Dans un élan d’auto-dérision assumée et de valorisation alternative du patrimoine, la ville de Marseille a lancé un nouveau concept de visite guidée : « Sur les traces de l’incurie urbaine ». Cette initiative, portée par l’Office de Tourisme et de Réparation Morale, propose une traversée commentée du centre-ville, au cœur des vestiges de la désorganisation administrative. Casques de chantier en option.
Le départ s’effectue place des Réformés, “symbole d’une ville qui réforme surtout… par effondrement”, plaisante le coordinateur du projet. Le circuit serpente ensuite à travers les rues de Noailles, en passant devant des immeubles dont même la date de construction hésite à se manifester. Une application mobile permet de suivre en temps réel les désastres signalés et jamais traités depuis 2014.
Le clou de la visite reste l’arrêt devant une façade murée où une plaque commémorative provisoire indique : « Ici le temps a fait son œuvre. L’administration, moins. » Un guide agréé – ou du moins très bavard – retrace alors avec passion les grandes étapes de l’inaction publique : du rapport oublié dans une armoire à la réunion de crise déplacée à la buvette.
Une immersion totale dans la tradition municipale du “plus tard, peut-être”
Décrite par le prospectus officiel comme un “city tour sarcastico-patrimonial”, la visite valorise ce que certains appellent désormais les “ruines du futur immédiat”. Jean-Michel Patachon, urbanologue de comptoir et consultant pour la start-up Guid’Galère, encense le projet : « Ce n’est pas une moquerie, c’est un hommage vivant à l’art de bricoler l’urgence sur du provisoirement définitif. »

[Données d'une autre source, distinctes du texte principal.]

(* Let $G$ be the $m\times n$ grid with $m,n\ge 2$. Every minimal landmark set $L$ of $G$ satisfies either $|L|\in\{2,3\}$, or $|L|$ is even and $4\le |L|\le 2\min\{m,n\}-2$.
   Context: The $m\times n$ grid $G$ has vertex set $V=\{(i,j):1\le i\le m,\ 1\le j\le n\}$, with $(i_1,j_1),(i_2,j_2)$ adjacent iff $|i_1-i_2|+|j_1-j_2|=1$; thus $d((i_1,j_1),(i_2,j_2))=|i_1-i_2|+|j_1-j_2|$. A vertex $x$ separates $u,v$ if $d(x,u)\neq d(x,v)$. A landmark set is $L\subseteq V$ such that every pair of distinct vertices is separated by some vertex of $L$; it is minimal if no proper subset of it is a landmark set. *)

theory Defs
  imports Main
begin

definition grid_vertices :: "nat \<Rightarrow> nat \<Rightarrow> (nat \<times> nat) set" where
  "grid_vertices m n = {(i, j). 1 \<le> i \<and> i \<le> m \<and> 1 \<le> j \<and> j \<le> n}"

definition grid_dist :: "nat \<times> nat \<Rightarrow> nat \<times> nat \<Rightarrow> nat" where
  "grid_dist u v = nat (\<bar>int (fst u) - int (fst v)\<bar> + \<bar>int (snd u) - int (snd v)\<bar>)"

definition separates :: "nat \<times> nat \<Rightarrow> nat \<times> nat \<Rightarrow> nat \<times> nat \<Rightarrow> bool" where
  "separates x u v \<longleftrightarrow> grid_dist x u \<noteq> grid_dist x v"

definition landmark_set :: "nat \<Rightarrow> nat \<Rightarrow> (nat \<times> nat) set \<Rightarrow> bool" where
  "landmark_set m n L \<longleftrightarrow> L \<subseteq> grid_vertices m n \<and>
     (\<forall>u\<in>grid_vertices m n. \<forall>v\<in>grid_vertices m n. u \<noteq> v \<longrightarrow> (\<exists>x\<in>L. separates x u v))"

definition minimal_landmark_set :: "nat \<Rightarrow> nat \<Rightarrow> (nat \<times> nat) set \<Rightarrow> bool" where
  "minimal_landmark_set m n L \<longleftrightarrow> landmark_set m n L \<and> (\<forall>L'. L' \<subset> L \<longrightarrow> \<not> landmark_set m n L')"

end

theory Submission
  imports Defs
begin

(*
  For a landmark set L of the m x n grid, the row cuts {x : fst x <= i} (0 < i < m) and the column
  cuts {x : snd x <= j} (0 < j < n) are two chains of subsets of L.  The vertices (i, j+1), (i+1, j)
  are separated exactly by the landmarks x with (fst x <= i) ~= (snd x <= j), and (i, j), (i+1, j+1)
  by the remaining ones, so no row cut equals a column cut or its complement.  Conversely, any two
  vertices are separated by every vertex outside the diagonal (or the antidiagonal) quadrants of
  some cut (i, j), or outside some interior row or column.  Hence in a minimal landmark set with at
  least four elements every landmark x is isolated by a row cut R and a column cut C: the symmetric
  difference of R and C is {x} or L - {x}.

  If |L| >= 4, a fixed row cut
  paired with the column cuts isolates at most two landmarks, so |L| <= 2(m - 1), and by
  transposition |L| <= 2(n - 1).  For the parity, call a pair of proper cuts adjacent if they
  differ in exactly one landmark and coadjacent if they agree in exactly one.  When |L| >= 5 the
  two kinds cannot both occur, so after complementing the column cuts, and possibly exchanging
  the two chains, all isolating pairs of proper cuts are adjacent.  Such a pair is determined by
  its level min(|R|, |C|); all levels 1, ..., |L| - 2 occur, consecutive levels alternate between
  R < C and C < R, the lowest level has R < C and the highest C < R.  Hence |L| - 2 is even.
*)

section \<open>Two chains of cuts\<close>

lemma chain_subset_card_le:
  assumes "chain\<^sub>\<subseteq> F" "A \<in> F" "B \<in> F" "finite A" "card A \<le> card B"
  shows "A \<subseteq> B"
proof -
  have "A \<subseteq> B \<or> B \<subseteq> A" using assms(1-3) by (auto simp: chain_subset_def)
  then show ?thesis using assms(4,5) by (metis card_mono card_subset_eq le_antisym)
qed

lemma union_eq_of_card_Suc:
  assumes "finite X" "A \<subseteq> X" "B \<subseteq> X" "card A = card B" "A \<noteq> B" "card X = Suc (card A)"
  shows "A \<union> B = X"
proof -
  have fin: "finite A" "finite B" using assms(1-3) finite_subset by blast+
  have "\<not> B \<subseteq> A" using fin assms(4,5) card_subset_eq by metis
  then have "card A < card (A \<union> B)" using fin by (intro psubset_card_mono) auto
  moreover have "card (A \<union> B) \<le> card X" using assms(1-3) by (intro card_mono) auto
  ultimately show ?thesis using assms(1-3,6) by (intro card_subset_eq) auto
qed

lemma card_le_4_of_cover:
  assumes "L \<subseteq> {x, y} \<union> S \<union> S'" "finite S" "finite S'" "card S \<le> 1" "card S' \<le> 1"
  shows "card L \<le> 4"
proof -
  have "card L \<le> card ({x, y} \<union> S \<union> S')" using assms(1-3) by (intro card_mono) auto
  also have "\<dots> \<le> card {x, y} + card S + card S'"
    using card_Un_le[of "{x, y}" S] card_Un_le[of "{x, y} \<union> S" S'] by linarith
  also have "\<dots> \<le> 4" using assms(4,5) by (simp add: card_insert_if)
  finally show ?thesis .
qed

lemma sym_diff_compl_both: "R \<subseteq> L \<Longrightarrow> C \<subseteq> L \<Longrightarrow> sym_diff (L - R) (L - C) = sym_diff R C"
  by blast

lemma sym_diff_compl_right: "R \<subseteq> L \<Longrightarrow> C \<subseteq> L \<Longrightarrow> sym_diff R (L - C) = L - sym_diff R C"
  by blast

lemma sym_diff_filter: "sym_diff {x \<in> L. P x} {x \<in> L. Q x} = {x \<in> L. P x \<noteq> Q x}"
  by blast

lemma sym_diff_singleton_cases:
  assumes "sym_diff R C = {z}"
  obtains (rising) "z \<notin> R" "C = insert z R" | (falling) "z \<notin> C" "R = insert z C"
proof -
  have agree: "w \<in> R \<longleftrightarrow> w \<in> C" if "w \<noteq> z" for w using assms that by blast
  have z: "z \<in> R \<longleftrightarrow> z \<notin> C" using assms by blast
  show ?thesis
  proof (cases "z \<in> R")
    case True
    then have "R = insert z C" using z agree by (intro set_eqI) (metis insert_iff)
    then show ?thesis using True z falling by blast
  next
    case False
    then have "C = insert z R" using z agree by (intro set_eqI) (metis insert_iff)
    then show ?thesis using False rising by blast
  qed
qed

lemma card_le_1_if_unique:
  assumes "finite A" "\<And>a b. a \<in> A \<Longrightarrow> b \<in> A \<Longrightarrow> a = b"
  shows "card A \<le> 1"
  using card_le_Suc0_iff_eq[OF assms(1)] assms(2) by simp

definition isolates :: "'a set \<Rightarrow> 'a set \<Rightarrow> 'a set \<Rightarrow> 'a \<Rightarrow> bool" where
  "isolates L R C x \<longleftrightarrow> sym_diff R C = {x} \<or> sym_diff R C = L - {x}"

lemma isolates_sym: "isolates L C R x = isolates L R C x"
  unfolding isolates_def by (simp add: Un_commute)

lemma isolates_other_point:
  assumes "isolates L R C y" "y' \<in> L" "y' \<noteq> y"
  shows "y' \<in> sym_diff R C \<longleftrightarrow> y \<notin> sym_diff R C"
  using assms unfolding isolates_def by blast

lemma isolates_pointwise:
  assumes "R \<subseteq> L" "C \<subseteq> L" "isolates L R C x"
  obtains p where "\<And>w. w \<in> L \<Longrightarrow> (w \<in> C) = ((w \<in> R) = ((w = x) = p))"
proof -
  consider "sym_diff R C = {x}" | "sym_diff R C = L - {x}" using assms(3) unfolding isolates_def
    by blast
  then show ?thesis
  proof cases
    case 1
    then have "w \<in> sym_diff R C \<longleftrightarrow> w = x" for w by simp
    then show ?thesis by (intro that[of False]) blast
  next
    case 2
    then have "w \<in> sym_diff R C \<longleftrightarrow> w \<noteq> x" if "w \<in> L" for w using that by simp
    then show ?thesis using assms(1,2) by (intro that[of True]) blast
  qed
qed

(* Restricted to four points, each Cx, Cy, Cz is determined by R and one bit, so the claim
   becomes a propositional tautology. *)

lemma no_three_isolated_by_chain:
  assumes sub: "R \<subseteq> L" "Cx \<subseteq> L" "Cy \<subseteq> L" "Cz \<subseteq> L"
    and pts: "x \<in> L" "y \<in> L" "z \<in> L" "v \<in> L" "distinct [x, y, z, v]"
    and iso: "isolates L R Cx x" "isolates L R Cy y" "isolates L R Cz z"
    and chain: "chain\<^sub>\<subseteq> {Cx, Cy, Cz}"
  shows False
proof -
  obtain px where px: "\<And>w. w \<in> L \<Longrightarrow> (w \<in> Cx) = ((w \<in> R) = ((w = x) = px))"
    using isolates_pointwise[OF sub(1,2) iso(1)] by blast
  obtain py where py: "\<And>w. w \<in> L \<Longrightarrow> (w \<in> Cy) = ((w \<in> R) = ((w = y) = py))"
    using isolates_pointwise[OF sub(1,3) iso(2)] by blast
  obtain pz where pz: "\<And>w. w \<in> L \<Longrightarrow> (w \<in> Cz) = ((w \<in> R) = ((w = z) = pz))"
    using isolates_pointwise[OF sub(1,4) iso(3)] by blast
  have "\<forall>w\<in>{x, y, z, v}. (w \<in> Cx) = ((w \<in> R) = ((w = x) = px))"
    "\<forall>w\<in>{x, y, z, v}. (w \<in> Cy) = ((w \<in> R) = ((w = y) = py))"
    "\<forall>w\<in>{x, y, z, v}. (w \<in> Cz) = ((w \<in> R) = ((w = z) = pz))"
    using px py pz pts by auto
  moreover have "x \<noteq> y" "y \<noteq> x" "x \<noteq> z" "z \<noteq> x" "x \<noteq> v" "v \<noteq> x"
    "y \<noteq> z" "z \<noteq> y" "y \<noteq> v" "v \<noteq> y" "z \<noteq> v" "v \<noteq> z"
    using pts(5) by auto
  moreover have "(\<forall>w\<in>{x, y, z, v}. w \<in> A \<longrightarrow> w \<in> B) \<or> (\<forall>w\<in>{x, y, z, v}. w \<in> B \<longrightarrow> w \<in> A)"
    if "A \<in> {Cx, Cy, Cz}" "B \<in> {Cx, Cy, Cz}" for A B
    using chain that unfolding chain_subset_def by blast
  note nested = this[of Cx Cy] this[of Cx Cz] this[of Cy Cz]
  ultimately show False by simp argo
qed

lemma card_isolated_by_row_le_2:
  assumes fin: "finite L" and four: "4 \<le> card L"
    and chain: "chain\<^sub>\<subseteq> CC" and sub: "\<And>C. C \<in> CC \<Longrightarrow> C \<subseteq> L" "R \<subseteq> L"
  shows "card {x \<in> L. \<exists>C\<in>CC. isolates L R C x} \<le> 2"
proof (rule ccontr)
  define E where "E = {x \<in> L. \<exists>C\<in>CC. isolates L R C x}"
  assume "\<not> ?thesis"
  then have "3 \<le> card E" unfolding E_def by simp
  then obtain S where S: "S \<subseteq> E" "card S = 3" by (rule obtain_subset_with_card_n)
  then obtain x y z where xyz: "S = {x, y, z}" "x \<noteq> y" "y \<noteq> z" "x \<noteq> z"
    by (auto simp: card_3_iff)
  then have "x \<in> E" "y \<in> E" "z \<in> E" using S(1) by auto
  then obtain Cx Cy Cz where C: "Cx \<in> CC" "Cy \<in> CC" "Cz \<in> CC"
    and iso: "isolates L R Cx x" "isolates L R Cy y" "isolates L R Cz z"
    and pts: "x \<in> L" "y \<in> L" "z \<in> L"
    unfolding E_def by blast
  have "\<not> L \<subseteq> {x, y, z}"
  proof
    assume "L \<subseteq> {x, y, z}"
    then have "card L \<le> card {x, y, z}" by (intro card_mono) auto
    then show False using S(2) xyz(1) four by simp
  qed
  then obtain v where v: "v \<in> L" "v \<notin> {x, y, z}" by blast
  have "chain\<^sub>\<subseteq> {Cx, Cy, Cz}" using chain C unfolding chain_subset_def by blast
  then show False
    using no_three_isolated_by_chain[OF sub(2) sub(1)[OF C(1)] sub(1)[OF C(2)] sub(1)[OF C(3)]
        pts v(1) _ iso] xyz v(2) by auto
qed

Il précise aussi que certains trottoirs du circuit ne seront pas carrossables pour cause d’effondrement, ce qui « renforce l’interface entre théorie et pratique municipale ».
Des témoignages de visiteurs abondent. Corinne, venue de Toulouse, raconte : « On a traversé une cour où le panneau “Danger : chute de plâtre” semblait lui-même vouloir se suicider. On se sentait comme dans un escape game géant, mais sans échappatoire. » Charles, lui, apprécie la présentation muséale : « Le guide a comparé un immeuble insalubre à une lasagne : plusieurs couches, pas très nettes, et humides depuis longtemps. C’est fin. »
Un souvenir inoubliable : la carte postale d’un chaos institutionnalisé
En fin de parcours, les touristes peuvent repartir avec un kit souvenir « Patrimoine en perdition » comprenant :
– une carte interactive des bâtiments en péril (mise à jour tous les sept ans),
– un badge “J’ai survécu à un trottoir fissuré à 12%”,
– et un marque-page reprenant une citation apocryphe du service d’urbanisme : « On est dessus. »
L’initiative suscite néanmoins quelques débats. Certaines associations dénoncent une “muséification du drame” quand d’autres saluent une “pédagogie par l’absurde”. Elle a toutefois le mérite de rappeler que derrière le folklore bétonné, ce sont les habitants qui, eux, n’ont jamais déserté.
En tout cas, le concept inspire déjà d’autres villes. Saint-Étienne envisagerait un « Safari ZAC en friche » et Paris testerait un audioguide “Travaux éternels & mobiliers urbains en roue libre”.
À Marseille, on espère désormais que ce tour de l’immobilisme deviendra un moteur pour… ne pas changer trop vite.
Prochaine session : mardi à 15h, si les barrières de sécurité tiennent encore.